» **STORED DATA**

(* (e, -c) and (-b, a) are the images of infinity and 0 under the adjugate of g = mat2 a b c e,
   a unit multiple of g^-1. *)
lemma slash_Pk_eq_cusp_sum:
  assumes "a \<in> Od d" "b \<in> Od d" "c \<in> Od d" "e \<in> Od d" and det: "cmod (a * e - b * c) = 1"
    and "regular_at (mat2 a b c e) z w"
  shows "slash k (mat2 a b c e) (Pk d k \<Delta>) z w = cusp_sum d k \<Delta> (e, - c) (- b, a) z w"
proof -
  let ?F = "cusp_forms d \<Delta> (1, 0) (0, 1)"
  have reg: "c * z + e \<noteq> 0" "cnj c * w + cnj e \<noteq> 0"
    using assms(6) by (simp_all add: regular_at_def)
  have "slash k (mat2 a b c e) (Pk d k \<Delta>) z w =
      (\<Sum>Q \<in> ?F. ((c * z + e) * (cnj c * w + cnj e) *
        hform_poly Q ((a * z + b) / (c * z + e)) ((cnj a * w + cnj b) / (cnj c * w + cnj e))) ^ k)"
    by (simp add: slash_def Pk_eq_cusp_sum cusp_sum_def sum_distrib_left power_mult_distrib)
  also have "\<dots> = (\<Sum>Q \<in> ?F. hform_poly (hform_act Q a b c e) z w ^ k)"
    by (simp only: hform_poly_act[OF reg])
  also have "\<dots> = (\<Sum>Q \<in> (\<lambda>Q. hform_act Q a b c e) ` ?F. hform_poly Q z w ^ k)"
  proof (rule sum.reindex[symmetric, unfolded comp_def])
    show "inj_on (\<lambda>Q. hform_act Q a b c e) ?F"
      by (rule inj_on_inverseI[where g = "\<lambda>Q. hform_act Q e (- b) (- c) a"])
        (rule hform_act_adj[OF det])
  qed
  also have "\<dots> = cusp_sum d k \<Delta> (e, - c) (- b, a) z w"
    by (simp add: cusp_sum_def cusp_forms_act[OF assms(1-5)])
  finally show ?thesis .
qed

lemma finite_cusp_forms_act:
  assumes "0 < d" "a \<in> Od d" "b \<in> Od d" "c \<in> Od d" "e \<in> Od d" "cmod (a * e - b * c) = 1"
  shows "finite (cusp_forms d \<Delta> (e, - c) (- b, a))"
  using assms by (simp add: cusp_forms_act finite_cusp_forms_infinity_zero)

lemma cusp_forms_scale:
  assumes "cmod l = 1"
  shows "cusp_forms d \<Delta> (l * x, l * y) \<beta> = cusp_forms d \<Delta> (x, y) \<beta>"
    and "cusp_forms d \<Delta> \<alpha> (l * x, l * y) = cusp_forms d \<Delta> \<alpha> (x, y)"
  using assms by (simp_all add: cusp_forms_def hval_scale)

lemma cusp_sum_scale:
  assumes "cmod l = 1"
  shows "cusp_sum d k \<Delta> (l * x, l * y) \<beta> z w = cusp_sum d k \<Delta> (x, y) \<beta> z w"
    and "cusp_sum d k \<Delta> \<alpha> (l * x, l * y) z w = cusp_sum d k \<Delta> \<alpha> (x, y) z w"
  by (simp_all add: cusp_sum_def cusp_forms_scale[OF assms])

--

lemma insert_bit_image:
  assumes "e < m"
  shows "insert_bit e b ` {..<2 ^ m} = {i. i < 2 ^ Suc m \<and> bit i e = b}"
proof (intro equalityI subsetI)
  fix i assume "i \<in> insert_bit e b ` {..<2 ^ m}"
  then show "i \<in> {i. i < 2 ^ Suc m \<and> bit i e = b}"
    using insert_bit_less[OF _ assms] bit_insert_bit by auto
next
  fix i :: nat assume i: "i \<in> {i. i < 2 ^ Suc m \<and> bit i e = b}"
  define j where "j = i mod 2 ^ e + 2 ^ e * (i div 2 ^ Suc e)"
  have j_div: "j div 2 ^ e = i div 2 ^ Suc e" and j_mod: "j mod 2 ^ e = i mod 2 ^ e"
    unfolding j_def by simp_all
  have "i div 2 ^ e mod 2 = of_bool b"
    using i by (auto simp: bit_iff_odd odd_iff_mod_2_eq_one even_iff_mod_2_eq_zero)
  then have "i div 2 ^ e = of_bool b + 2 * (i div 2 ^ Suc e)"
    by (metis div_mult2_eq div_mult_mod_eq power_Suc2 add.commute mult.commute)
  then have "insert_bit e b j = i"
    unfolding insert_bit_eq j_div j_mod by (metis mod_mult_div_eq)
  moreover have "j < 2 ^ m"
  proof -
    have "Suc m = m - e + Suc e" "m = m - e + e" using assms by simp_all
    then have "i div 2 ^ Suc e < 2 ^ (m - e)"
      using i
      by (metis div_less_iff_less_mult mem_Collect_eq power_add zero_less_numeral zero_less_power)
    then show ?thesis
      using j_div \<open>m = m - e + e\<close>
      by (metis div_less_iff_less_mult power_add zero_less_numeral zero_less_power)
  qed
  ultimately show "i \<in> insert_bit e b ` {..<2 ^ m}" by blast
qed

» **TASK TO CARRY OUT**
Could you repeat exactly the lines in the listing above from the one with "(* (e, -c) and" down to the one with "d \<Delta> (1, 0)"? Include both of those lines.

» **SOLVED EXERCISE**
(* (e, -c) and (-b, a) are the images of infinity and 0 under the adjugate of g = mat2 a b c e,
   a unit multiple of g^-1. *)
lemma slash_Pk_eq_cusp_sum:
  assumes "a \<in> Od d" "b \<in> Od d" "c \<in> Od d" "e \<in> Od d" and det: "cmod (a * e - b * c) = 1"
    and "regular_at (mat2 a b c e) z w"
  shows "slash k (mat2 a b c e) (Pk d k \<Delta>) z w = cusp_sum d k \<Delta> (e, - c) (- b, a) z w"
proof -
  let ?F = "cusp_forms d \<Delta> (1, 0) (0, 1)"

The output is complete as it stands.